Dataset records:
* * * * *

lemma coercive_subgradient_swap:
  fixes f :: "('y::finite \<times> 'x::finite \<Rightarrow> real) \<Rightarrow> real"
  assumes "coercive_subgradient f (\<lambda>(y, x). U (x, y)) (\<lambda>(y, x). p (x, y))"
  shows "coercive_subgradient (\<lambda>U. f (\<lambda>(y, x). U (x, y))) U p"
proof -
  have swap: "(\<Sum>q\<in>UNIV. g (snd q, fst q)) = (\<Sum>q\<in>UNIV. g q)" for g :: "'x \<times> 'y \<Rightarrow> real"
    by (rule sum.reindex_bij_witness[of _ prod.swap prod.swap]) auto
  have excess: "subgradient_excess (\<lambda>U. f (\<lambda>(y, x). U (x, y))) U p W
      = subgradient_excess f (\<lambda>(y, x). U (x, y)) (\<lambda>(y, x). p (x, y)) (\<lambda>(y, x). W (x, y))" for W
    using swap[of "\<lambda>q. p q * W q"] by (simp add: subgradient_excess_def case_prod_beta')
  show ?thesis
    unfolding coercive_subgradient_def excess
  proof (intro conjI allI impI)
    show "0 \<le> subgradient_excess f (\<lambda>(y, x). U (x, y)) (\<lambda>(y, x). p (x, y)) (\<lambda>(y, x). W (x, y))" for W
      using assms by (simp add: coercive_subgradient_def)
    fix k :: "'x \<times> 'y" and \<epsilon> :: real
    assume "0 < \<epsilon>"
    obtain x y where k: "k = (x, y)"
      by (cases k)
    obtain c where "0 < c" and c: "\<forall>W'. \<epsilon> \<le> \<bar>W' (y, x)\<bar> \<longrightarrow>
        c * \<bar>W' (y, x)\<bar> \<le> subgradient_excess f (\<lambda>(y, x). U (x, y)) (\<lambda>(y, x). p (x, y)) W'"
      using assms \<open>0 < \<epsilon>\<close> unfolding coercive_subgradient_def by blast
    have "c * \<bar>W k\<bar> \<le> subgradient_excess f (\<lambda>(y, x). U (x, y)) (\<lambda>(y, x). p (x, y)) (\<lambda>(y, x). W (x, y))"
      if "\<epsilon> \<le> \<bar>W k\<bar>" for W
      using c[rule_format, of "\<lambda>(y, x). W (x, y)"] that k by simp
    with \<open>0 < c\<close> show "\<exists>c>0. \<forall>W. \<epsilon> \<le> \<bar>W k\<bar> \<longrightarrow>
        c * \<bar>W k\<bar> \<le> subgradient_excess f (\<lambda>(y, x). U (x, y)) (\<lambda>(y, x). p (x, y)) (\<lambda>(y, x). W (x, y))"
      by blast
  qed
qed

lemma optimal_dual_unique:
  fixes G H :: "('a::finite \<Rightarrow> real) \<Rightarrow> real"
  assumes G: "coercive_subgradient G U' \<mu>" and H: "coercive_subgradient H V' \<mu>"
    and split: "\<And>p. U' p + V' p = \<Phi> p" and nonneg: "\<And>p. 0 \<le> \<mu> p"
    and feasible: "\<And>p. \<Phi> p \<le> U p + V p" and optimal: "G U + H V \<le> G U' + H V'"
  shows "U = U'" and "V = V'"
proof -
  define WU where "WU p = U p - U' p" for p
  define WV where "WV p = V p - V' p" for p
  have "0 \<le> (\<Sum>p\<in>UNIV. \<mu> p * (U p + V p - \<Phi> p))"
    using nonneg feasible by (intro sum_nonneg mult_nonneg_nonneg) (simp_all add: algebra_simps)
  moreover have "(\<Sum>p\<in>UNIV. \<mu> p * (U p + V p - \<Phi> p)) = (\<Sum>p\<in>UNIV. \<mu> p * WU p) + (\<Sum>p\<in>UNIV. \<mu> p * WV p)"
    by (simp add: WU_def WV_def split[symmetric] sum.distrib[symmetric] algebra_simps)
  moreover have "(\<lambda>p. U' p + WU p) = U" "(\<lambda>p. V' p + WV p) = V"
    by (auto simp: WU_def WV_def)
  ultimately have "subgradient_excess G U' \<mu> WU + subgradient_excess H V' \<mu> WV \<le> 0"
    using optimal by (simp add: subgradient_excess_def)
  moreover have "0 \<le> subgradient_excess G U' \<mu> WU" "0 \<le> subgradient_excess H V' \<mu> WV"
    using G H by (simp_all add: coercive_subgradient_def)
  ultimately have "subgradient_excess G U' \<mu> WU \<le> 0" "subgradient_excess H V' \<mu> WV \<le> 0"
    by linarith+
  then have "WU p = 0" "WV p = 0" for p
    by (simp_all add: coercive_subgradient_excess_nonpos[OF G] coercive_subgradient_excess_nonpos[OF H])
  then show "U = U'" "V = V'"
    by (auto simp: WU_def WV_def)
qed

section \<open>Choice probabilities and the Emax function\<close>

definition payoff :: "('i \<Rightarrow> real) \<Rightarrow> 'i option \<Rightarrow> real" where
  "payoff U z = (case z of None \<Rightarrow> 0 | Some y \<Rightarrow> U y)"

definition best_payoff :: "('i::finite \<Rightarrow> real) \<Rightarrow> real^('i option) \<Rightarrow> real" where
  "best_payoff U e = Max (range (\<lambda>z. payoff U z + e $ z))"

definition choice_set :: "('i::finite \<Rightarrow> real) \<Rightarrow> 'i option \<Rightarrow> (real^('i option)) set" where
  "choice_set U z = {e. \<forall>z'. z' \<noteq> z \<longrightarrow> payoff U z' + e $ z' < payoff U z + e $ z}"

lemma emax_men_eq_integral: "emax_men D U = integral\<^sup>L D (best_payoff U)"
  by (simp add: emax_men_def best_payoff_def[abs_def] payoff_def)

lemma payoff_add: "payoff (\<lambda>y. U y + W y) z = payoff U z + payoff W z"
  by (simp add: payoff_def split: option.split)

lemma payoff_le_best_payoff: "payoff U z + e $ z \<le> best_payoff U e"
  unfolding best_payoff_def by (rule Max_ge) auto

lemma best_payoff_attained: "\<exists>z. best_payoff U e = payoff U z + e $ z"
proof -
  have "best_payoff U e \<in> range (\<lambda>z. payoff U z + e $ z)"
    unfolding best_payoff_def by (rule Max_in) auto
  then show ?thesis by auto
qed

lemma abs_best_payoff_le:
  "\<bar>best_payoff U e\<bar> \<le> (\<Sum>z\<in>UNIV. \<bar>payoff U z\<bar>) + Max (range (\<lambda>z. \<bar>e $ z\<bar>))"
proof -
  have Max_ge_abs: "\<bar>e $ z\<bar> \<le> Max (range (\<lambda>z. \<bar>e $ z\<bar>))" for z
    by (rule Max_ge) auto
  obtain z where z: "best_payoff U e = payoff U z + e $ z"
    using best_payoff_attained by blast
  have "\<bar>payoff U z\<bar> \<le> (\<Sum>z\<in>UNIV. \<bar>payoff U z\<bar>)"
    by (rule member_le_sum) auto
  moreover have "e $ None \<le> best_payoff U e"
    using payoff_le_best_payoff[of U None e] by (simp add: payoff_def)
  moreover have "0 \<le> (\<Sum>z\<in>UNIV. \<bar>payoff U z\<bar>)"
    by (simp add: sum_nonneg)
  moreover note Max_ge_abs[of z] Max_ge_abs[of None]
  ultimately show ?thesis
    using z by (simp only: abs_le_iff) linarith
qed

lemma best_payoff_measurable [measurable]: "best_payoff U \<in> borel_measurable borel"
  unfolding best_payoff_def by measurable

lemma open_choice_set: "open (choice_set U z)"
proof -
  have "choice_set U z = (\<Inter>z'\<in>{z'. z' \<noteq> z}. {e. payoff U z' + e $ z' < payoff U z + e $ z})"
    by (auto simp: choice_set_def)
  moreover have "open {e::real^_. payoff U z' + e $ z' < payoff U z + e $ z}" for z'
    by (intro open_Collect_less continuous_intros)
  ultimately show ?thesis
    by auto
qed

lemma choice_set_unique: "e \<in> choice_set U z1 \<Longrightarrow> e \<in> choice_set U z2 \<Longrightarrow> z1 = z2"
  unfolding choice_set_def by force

* * * * *

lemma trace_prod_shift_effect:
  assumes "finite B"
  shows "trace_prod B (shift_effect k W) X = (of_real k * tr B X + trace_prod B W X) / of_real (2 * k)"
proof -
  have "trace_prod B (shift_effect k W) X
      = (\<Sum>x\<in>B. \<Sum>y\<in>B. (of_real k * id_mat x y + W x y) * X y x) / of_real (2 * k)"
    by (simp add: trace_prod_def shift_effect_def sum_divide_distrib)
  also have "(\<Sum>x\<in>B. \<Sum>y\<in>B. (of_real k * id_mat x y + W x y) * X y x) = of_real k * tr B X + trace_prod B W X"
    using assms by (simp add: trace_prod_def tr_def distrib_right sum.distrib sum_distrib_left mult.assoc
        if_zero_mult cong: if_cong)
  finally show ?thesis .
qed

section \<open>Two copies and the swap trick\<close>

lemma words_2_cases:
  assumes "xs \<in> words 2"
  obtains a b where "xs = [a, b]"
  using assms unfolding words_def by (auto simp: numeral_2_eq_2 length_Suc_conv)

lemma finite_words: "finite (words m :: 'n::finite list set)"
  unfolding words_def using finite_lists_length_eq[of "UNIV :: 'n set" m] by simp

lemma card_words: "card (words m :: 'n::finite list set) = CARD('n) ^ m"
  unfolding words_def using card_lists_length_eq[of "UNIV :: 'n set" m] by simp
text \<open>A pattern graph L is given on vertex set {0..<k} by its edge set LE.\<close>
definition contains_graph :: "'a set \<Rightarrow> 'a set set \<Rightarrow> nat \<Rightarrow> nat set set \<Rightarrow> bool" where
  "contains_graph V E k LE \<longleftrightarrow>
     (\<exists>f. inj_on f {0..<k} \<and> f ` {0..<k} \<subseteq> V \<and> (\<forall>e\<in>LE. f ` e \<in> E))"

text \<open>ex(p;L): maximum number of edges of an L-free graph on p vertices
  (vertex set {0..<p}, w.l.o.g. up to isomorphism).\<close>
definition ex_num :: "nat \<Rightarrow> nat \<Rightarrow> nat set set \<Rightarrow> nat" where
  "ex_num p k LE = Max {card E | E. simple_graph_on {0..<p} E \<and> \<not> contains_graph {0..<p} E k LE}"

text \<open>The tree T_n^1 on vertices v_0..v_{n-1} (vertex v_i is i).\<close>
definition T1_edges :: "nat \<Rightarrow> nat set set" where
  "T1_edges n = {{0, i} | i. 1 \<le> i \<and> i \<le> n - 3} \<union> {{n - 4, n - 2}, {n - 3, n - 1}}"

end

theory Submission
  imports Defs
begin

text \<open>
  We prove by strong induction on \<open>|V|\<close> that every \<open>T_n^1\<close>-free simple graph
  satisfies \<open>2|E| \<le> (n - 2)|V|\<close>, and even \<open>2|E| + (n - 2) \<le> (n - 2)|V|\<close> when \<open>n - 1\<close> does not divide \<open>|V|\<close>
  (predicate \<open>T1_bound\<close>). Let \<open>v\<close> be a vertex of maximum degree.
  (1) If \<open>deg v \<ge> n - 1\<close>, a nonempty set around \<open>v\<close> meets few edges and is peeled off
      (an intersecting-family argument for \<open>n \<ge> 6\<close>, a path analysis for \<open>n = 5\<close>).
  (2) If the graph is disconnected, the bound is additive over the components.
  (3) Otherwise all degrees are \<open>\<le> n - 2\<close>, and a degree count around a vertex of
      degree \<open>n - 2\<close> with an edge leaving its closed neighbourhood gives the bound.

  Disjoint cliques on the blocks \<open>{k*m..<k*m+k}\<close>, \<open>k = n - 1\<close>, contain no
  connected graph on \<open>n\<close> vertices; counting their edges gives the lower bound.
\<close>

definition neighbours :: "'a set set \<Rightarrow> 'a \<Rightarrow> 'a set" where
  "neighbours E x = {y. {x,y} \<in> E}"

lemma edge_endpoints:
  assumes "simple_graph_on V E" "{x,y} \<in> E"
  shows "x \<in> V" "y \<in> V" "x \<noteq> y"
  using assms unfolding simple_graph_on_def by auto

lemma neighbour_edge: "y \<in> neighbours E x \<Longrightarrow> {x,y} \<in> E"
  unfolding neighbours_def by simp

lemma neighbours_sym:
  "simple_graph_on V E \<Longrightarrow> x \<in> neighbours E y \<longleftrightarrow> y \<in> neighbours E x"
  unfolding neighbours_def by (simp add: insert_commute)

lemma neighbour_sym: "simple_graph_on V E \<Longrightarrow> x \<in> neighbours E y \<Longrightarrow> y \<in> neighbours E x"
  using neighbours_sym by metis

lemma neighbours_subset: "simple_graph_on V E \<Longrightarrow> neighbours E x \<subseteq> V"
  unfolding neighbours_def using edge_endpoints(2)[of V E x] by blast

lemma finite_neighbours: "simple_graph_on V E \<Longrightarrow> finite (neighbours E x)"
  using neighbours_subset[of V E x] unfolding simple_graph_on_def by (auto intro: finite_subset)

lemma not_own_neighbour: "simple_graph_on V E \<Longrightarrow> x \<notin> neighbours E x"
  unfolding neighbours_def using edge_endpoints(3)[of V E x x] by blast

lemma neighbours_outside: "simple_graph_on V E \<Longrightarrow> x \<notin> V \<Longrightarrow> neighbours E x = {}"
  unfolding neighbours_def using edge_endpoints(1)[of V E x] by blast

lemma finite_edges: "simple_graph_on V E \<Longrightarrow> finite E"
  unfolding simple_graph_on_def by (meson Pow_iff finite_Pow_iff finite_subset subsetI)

* * * * *

_HOW TO COMPLETE THIS TASK:_ Copy each line of the data that includes the word "exists".

_EXERCISE ANSWER:_
    with \<open>0 < c\<close> show "\<exists>c>0. \<forall>W. \<epsilon> \<le> \<bar>W k\<bar> \<longrightarrow>
lemma best_payoff_attained: "\<exists>z. best_payoff U e = payoff U z + e $ z"
     (\<exists>f. inj_on f {0..<k} \<and> f ` {0..<k} \<subseteq> V \<and> (\<forall>e\<in>LE. f ` e \<in> E))"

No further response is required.